▸ Problem to work on
In the records below, find each line holding the word "which" and copy it.

.....

(* Let $G$ be a reduced torsion-free abelian group. Then the following are equivalent: (i) $G$ is semi-generalized Bassian; (ii) $G$ is Bassian; (iii) $G$ has finite rank.
   Context: All groups are additively written abelian groups. A subgroup $H$ of a group $A$ is essential in $A$ if $H \cap S \neq \{0\}$ for every non-zero subgroup $S$ of $A$. A group $G$ is Bassian if the existence of an injective homomorphism $G\to G/N$ for a subgroup $N\le G$ forces $N=\{0\}$. $G$ is semi-generalized Bassian if, for every subgroup $H \le G$, the existence of an injective homomorphism $G \to G/H$ implies that $H$ is an essential subgroup of some direct summand of $G$. *)

theory Defs
  imports Main
begin

text \<open>Abelian groups are modelled as types of class ab_group_add; the group G is the
whole type. Subgroups are subsets, the quotient G/N is the set of cosets of N.\<close>

definition zmul :: "int \<Rightarrow> 'a::ab_group_add \<Rightarrow> 'a" where
  "zmul k x = (if k \<ge> 0 then ((\<lambda>y. x + y) ^^ nat k) 0 else - (((\<lambda>y. x + y) ^^ nat (- k)) 0))"

definition subgrp :: "'a::ab_group_add set \<Rightarrow> bool" where
  "subgrp H \<longleftrightarrow> 0 \<in> H \<and> (\<forall>x\<in>H. \<forall>y\<in>H. x + y \<in> H) \<and> (\<forall>x\<in>H. - x \<in> H)"

definition cosets :: "'a::ab_group_add set \<Rightarrow> 'a set set" where
  "cosets N = {(\<lambda>n. x + n) ` N | x. True}"

definition coset_add :: "'a::ab_group_add set \<Rightarrow> 'a set \<Rightarrow> 'a set" where
  "coset_add A B = {a + b | a b. a \<in> A \<and> b \<in> B}"

definition inj_hom_to_quot :: "('a::ab_group_add \<Rightarrow> 'a set) \<Rightarrow> 'a set \<Rightarrow> bool" where
  "inj_hom_to_quot f N \<longleftrightarrow> (\<forall>x. f x \<in> cosets N) \<and>
      (\<forall>x y. f (x + y) = coset_add (f x) (f y)) \<and> inj f"

definition essential_in :: "'a::ab_group_add set \<Rightarrow> 'a set \<Rightarrow> bool" where
  "essential_in H A \<longleftrightarrow> subgrp H \<and> H \<subseteq> A \<and>
      (\<forall>S. subgrp S \<and> S \<subseteq> A \<and> S \<noteq> {0} \<longrightarrow> H \<inter> S \<noteq> {0})"

definition direct_summand :: "'a::ab_group_add set \<Rightarrow> bool" where
  "direct_summand S \<longleftrightarrow> subgrp S \<and> (\<exists>T. subgrp T \<and> S \<inter> T = {0} \<and>
      (\<forall>g. \<exists>s\<in>S. \<exists>t\<in>T. g = s + t))"

definition bassian :: "'a::ab_group_add itself \<Rightarrow> bool" where
  "bassian _ \<longleftrightarrow> (\<forall>N::'a set. subgrp N \<and> (\<exists>f. inj_hom_to_quot f N) \<longrightarrow> N = {0})"

definition semi_gen_bassian :: "'a::ab_group_add itself \<Rightarrow> bool" where
  "semi_gen_bassian _ \<longleftrightarrow> (\<forall>H::'a set. subgrp H \<and> (\<exists>f. inj_hom_to_quot f H) \<longrightarrow>
      (\<exists>S. direct_summand S \<and> essential_in H S))"

definition torsion_free :: "'a::ab_group_add itself \<Rightarrow> bool" where
  "torsion_free _ \<longleftrightarrow> (\<forall>(x::'a) (n::nat). x \<noteq> 0 \<and> n > 0 \<longrightarrow> zmul (int n) x \<noteq> 0)"

definition divisible_subgrp :: "'a::ab_group_add set \<Rightarrow> bool" where
  "divisible_subgrp D \<longleftrightarrow> subgrp D \<and> (\<forall>x\<in>D. \<forall>n::nat. n > 0 \<longrightarrow> (\<exists>y\<in>D. zmul (int n) y = x))"

definition reduced :: "'a::ab_group_add itself \<Rightarrow> bool" where
  "reduced _ \<longleftrightarrow> (\<forall>D::'a set. divisible_subgrp D \<longrightarrow> D = {0})"

definition z_independent :: "'a::ab_group_add set \<Rightarrow> bool" where
  "z_independent S \<longleftrightarrow> (\<forall>F c. finite F \<and> F \<subseteq> S \<and> (\<Sum>x\<in>F. zmul (c x) x) = 0 \<longrightarrow>
      (\<forall>x\<in>F. c x = 0))"

definition finite_rank :: "'a::ab_group_add itself \<Rightarrow> bool" where
  "finite_rank _ \<longleftrightarrow> (\<exists>S::'a set. finite S \<and> z_independent S \<and>
      (\<forall>T. S \<subseteq> T \<and> z_independent T \<longrightarrow> T = S))"

end

(* A torsion-free group G of finite rank n is Bassian: if r picks representatives for an
   embedding of G into G/N and 0 <> z lies in N, then z together with the image under r of a
   maximal independent set is independent, giving n + 1 independent elements.

   Conversely, let X be an infinite maximal independent set. Splitting X into countably many
   disjoint copies of itself and sending the k-th copy of b to e_b/(k+1) maps the free group <X>
   onto the rational vector space with basis X, which contains G as its divisible hull. With N
   the kernel, G embeds into <X>/N, a subgroup of G/N. If N were essential in a direct summand S,
   the projection onto a complement of S would map the divisible group <X>/N into the reduced
   group G, hence to 0; so <X> would lie in S and N would be essential in <X>, which is
   impossible because <X>/N is torsion-free and non-zero. Bassian groups are trivially
   semi-generalized Bassian. *)

theory Submission
  imports Defs HOL.Rat
begin

section \<open>Integer multiples\<close>

lemma zmul_of_nat: "zmul (int n) x = ((+) x ^^ n) 0"
  by (simp add: zmul_def)

lemma zmul_minus_of_nat: "zmul (- int n) x = - ((+) x ^^ n) 0"
  by (cases "n = 0") (simp_all add: zmul_def)

lemma zmul_0_left [simp]: "zmul 0 x = 0"
  by (simp add: zmul_def)

lemma zmul_1_left [simp]: "zmul 1 x = x"
  by (simp add: zmul_def)

lemma zmul_0_right [simp]: "zmul k 0 = 0"
proof -
  have "((+) (0::'a) ^^ n) 0 = 0" for n
    by (induction n) auto
  then show ?thesis
    by (cases k rule: int_cases2) (simp_all add: zmul_of_nat zmul_minus_of_nat)
qed

lemma zmul_add1: "zmul (k + 1) x = zmul k x + x"
proof (cases k rule: int_cases2)
  case (nonneg n)
  then show ?thesis
    using zmul_of_nat[of "Suc n" x] zmul_of_nat[of n x] by (simp add: add.commute)
next
  case (nonpos n)
  then show ?thesis
  proof (cases n)
    case (Suc m)
    then have "k + 1 = - int m"
      using nonpos by simp
    then show ?thesis
      using nonpos Suc zmul_minus_of_nat[of m x] zmul_minus_of_nat[of "Suc m" x] by simp
  qed simp
qed

lemma zmul_add_left: "zmul (k + l) x = zmul k x + zmul l x"
proof (induction l rule: int_induct[where k = 0])
  case (step1 i)
  then show ?case
    using zmul_add1[of "k + i" x] zmul_add1[of i x] by (simp add: algebra_simps)
next
  case (step2 i)
  then show ?case
    using zmul_add1[of "k + i - 1" x] zmul_add1[of "i - 1" x] by (simp add: algebra_simps)
qed simp

lemma zmul_minus_left: "zmul (- k) x = - zmul k x"
  using zmul_add_left[of k "- k" x] by (simp add: eq_neg_iff_add_eq_0 add.commute)

lemma zmul_diff_left: "zmul (k - l) x = zmul k x - zmul l x"
  using zmul_add_left[of k "- l" x] zmul_minus_left[of l x] by simp

lemma zmul_add_right: "zmul k (x + y) = zmul k x + zmul k y"
proof -
  have "((+) (x + y) ^^ n) 0 = ((+) x ^^ n) 0 + ((+) y ^^ n) 0" for n
    by (induction n) (simp_all add: algebra_simps)
  then show ?thesis
    by (cases k rule: int_cases2) (simp_all add: zmul_of_nat zmul_minus_of_nat)
qed

lemma zmul_minus_right: "zmul k (- x) = - zmul k x"
  using zmul_add_right[of k x "- x"] by (simp add: minus_unique)

lemma zmul_diff_right: "zmul k (x - y) = zmul k x - zmul k y"
  using zmul_add_right[of k x "- y"] zmul_minus_right[of k y] by simp

lemma zmul_mult: "zmul (k * l) x = zmul k (zmul l x)"
  by (induction k rule: int_induct[where k = 0])
    (simp_all add: algebra_simps zmul_add_left zmul_diff_left)

lemma zmul_sum_right: "zmul k (sum f A) = (\<Sum>a\<in>A. zmul k (f a))"
  by (induction A rule: infinite_finite_induct) (simp_all add: zmul_add_right)

lemma additive_zmul:
  assumes "\<And>x y. h (x + y) = h x + h y"
  shows "h (zmul k x) = zmul k (h x)"
proof -
  have "h 0 = 0"
    using assms[of 0 0] by simp
  moreover have "h (a - b) = h a - h b" for a b
    using assms[of "a - b" b] by simp
  ultimately show ?thesis
    by (induction k rule: int_induct[where k = 0]) (simp_all add: assms zmul_add1 zmul_diff_left)
qed

lemma torsion_free_zmul_eq_0:
  assumes "torsion_free TYPE('a::ab_group_add)" "k \<noteq> 0" "zmul k (x::'a) = 0"
  shows "x = 0"
proof -
  obtain n where "n > 0" "k = int n \<or> k = - int n"
    using assms(2) by (metis int_cases2 neq0_conv of_nat_0 minus_zero)
  moreover from this have "zmul (int n) x = 0"
    using assms(3) by (auto simp: zmul_minus_left)
  ultimately show ?thesis
    using assms(1) unfolding torsion_free_def by blast
qed

section \<open>Subgroups, cosets and homomorphisms into quotients\<close>

lemma subgrp_0: "subgrp N \<Longrightarrow> 0 \<in> N"
  by (simp add: subgrp_def)

lemma subgrp_add: "subgrp N \<Longrightarrow> x \<in> N \<Longrightarrow> y \<in> N \<Longrightarrow> x + y \<in> N"
  by (simp add: subgrp_def)

lemma subgrp_minus: "subgrp N \<Longrightarrow> x \<in> N \<Longrightarrow> - x \<in> N"
  by (simp add: subgrp_def)

lemma subgrp_diff: "subgrp N \<Longrightarrow> x \<in> N \<Longrightarrow> y \<in> N \<Longrightarrow> x - y \<in> N"
  using subgrp_add[of N x "- y"] subgrp_minus by fastforce

lemma subgrp_zmul: "subgrp N \<Longrightarrow> x \<in> N \<Longrightarrow> zmul k x \<in> N"
  by (induction k rule: int_induct[where k = 0])
    (simp_all add: subgrp_0 subgrp_add subgrp_diff zmul_add1 zmul_diff_left)

lemma subgrp_sum: "subgrp N \<Longrightarrow> (\<And>a. a \<in> A \<Longrightarrow> g a \<in> N) \<Longrightarrow> sum g A \<in> N"
  by (induction A rule: infinite_finite_induct) (auto simp: subgrp_0 subgrp_add)

lemma subgrp_zmul_range: "subgrp (range (\<lambda>k. zmul k y))"
proof -
  have "zmul k y + zmul l y \<in> range (\<lambda>k. zmul k y)" "- zmul k y \<in> range (\<lambda>k. zmul k y)" for k l
    by (metis rangeI zmul_add_left, metis rangeI zmul_minus_left)
  then show ?thesis
    unfolding subgrp_def by (auto intro: range_eqI[of _ _ 0])
qed

lemma coset_eq_iff:
  assumes "subgrp N"
  shows "(+) a ` N = (+) b ` N \<longleftrightarrow> a - b \<in> N"
proof
  assume "(+) a ` N = (+) b ` N"
  then have "a + 0 \<in> (+) b ` N"
    using subgrp_0[OF assms] by blast
  then show "a - b \<in> N"
    by auto
next
  assume ab: "a - b \<in> N"
  show "(+) a ` N = (+) b ` N"
  proof safe
    fix n assume "n \<in> N"
    then show "a + n \<in> (+) b ` N"
      using subgrp_add[OF assms ab] by (intro image_eqI[of _ _ "(a - b) + n"]) auto
  next
    fix n assume "n \<in> N"
    then show "b + n \<in> (+) a ` N"
      using subgrp_diff[OF assms _ ab] by (intro image_eqI[of _ _ "n - (a - b)"]) auto
  qed
qed

lemma coset_add_cosets:
  assumes "subgrp N"
  shows "coset_add ((+) a ` N) ((+) b ` N) = (+) (a + b) ` N"
proof safe
  fix x assume "x \<in> coset_add ((+) a ` N) ((+) b ` N)"
  then obtain n m where "n \<in> N" "m \<in> N" "x = (a + n) + (b + m)"
    unfolding coset_add_def by auto
  then show "x \<in> (+) (a + b) ` N"
    using subgrp_add[OF assms] by (intro image_eqI[of _ _ "n + m"]) (auto simp: algebra_simps)
next
  fix n assume "n \<in> N"
  then show "a + b + n \<in> coset_add ((+) a ` N) ((+) b ` N)"
    unfolding coset_add_def using subgrp_0[OF assms]
    by (intro CollectI exI[of _ "a + n"] exI[of _ "b + 0"]) (auto simp: algebra_simps)
qed

text \<open>A homomorphism \<open>G \<rightarrow> G/N\<close> is the same as a map \<open>r\<close> choosing representatives of the
  image cosets; \<open>r\<close> is then additive up to elements of \<open>N\<close>.\<close>

definition additive_mod :: "'a::ab_group_add set \<Rightarrow> ('a \<Rightarrow> 'a) \<Rightarrow> bool" where
  "additive_mod N r \<longleftrightarrow> (\<forall>x y. r (x + y) - (r x + r y) \<in> N)"

lemma additive_mod_0:
  assumes "subgrp N" "additive_mod N r"
  shows "r 0 \<in> N"
proof -
  have "r (0 + 0) - (r 0 + r 0) \<in> N"
    using assms(2) unfolding additive_mod_def by blast
  then show ?thesis
    using subgrp_minus[OF assms(1)] by fastforce
qed

lemma additive_mod_zmul:
  assumes N: "subgrp N" and r: "additive_mod N r"
  shows "r (zmul k x) - zmul k (r x) \<in> N"
proof (induction k rule: int_induct[where k = 0])
  case base
  then show ?case
    using additive_mod_0[OF N r] by simp
next
  case (step1 i)
  have "r (zmul (i + 1) x) - zmul (i + 1) (r x) =
      (r (zmul i x + x) - (r (zmul i x) + r x)) + (r (zmul i x) - zmul i (r x))"
    by (simp add: zmul_add1)
  then show ?case
    using step1 r N subgrp_add unfolding additive_mod_def by metis
next
  case (step2 i)
  have "r (zmul (i - 1) x) - zmul (i - 1) (r x) =
      (r (zmul i x) - zmul i (r x)) - (r (zmul (i - 1) x + x) - (r (zmul (i - 1) x) + r x))"
    by (simp add: zmul_diff_left algebra_simps)
  then show ?case
    using step2 r N subgrp_diff unfolding additive_mod_def by metis
qed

.....

▸ Task result
   onto the rational vector space with basis X, which contains G as its divisible hull. With N
   group G, hence to 0; so <X> would lie in S and N would be essential in <X>, which is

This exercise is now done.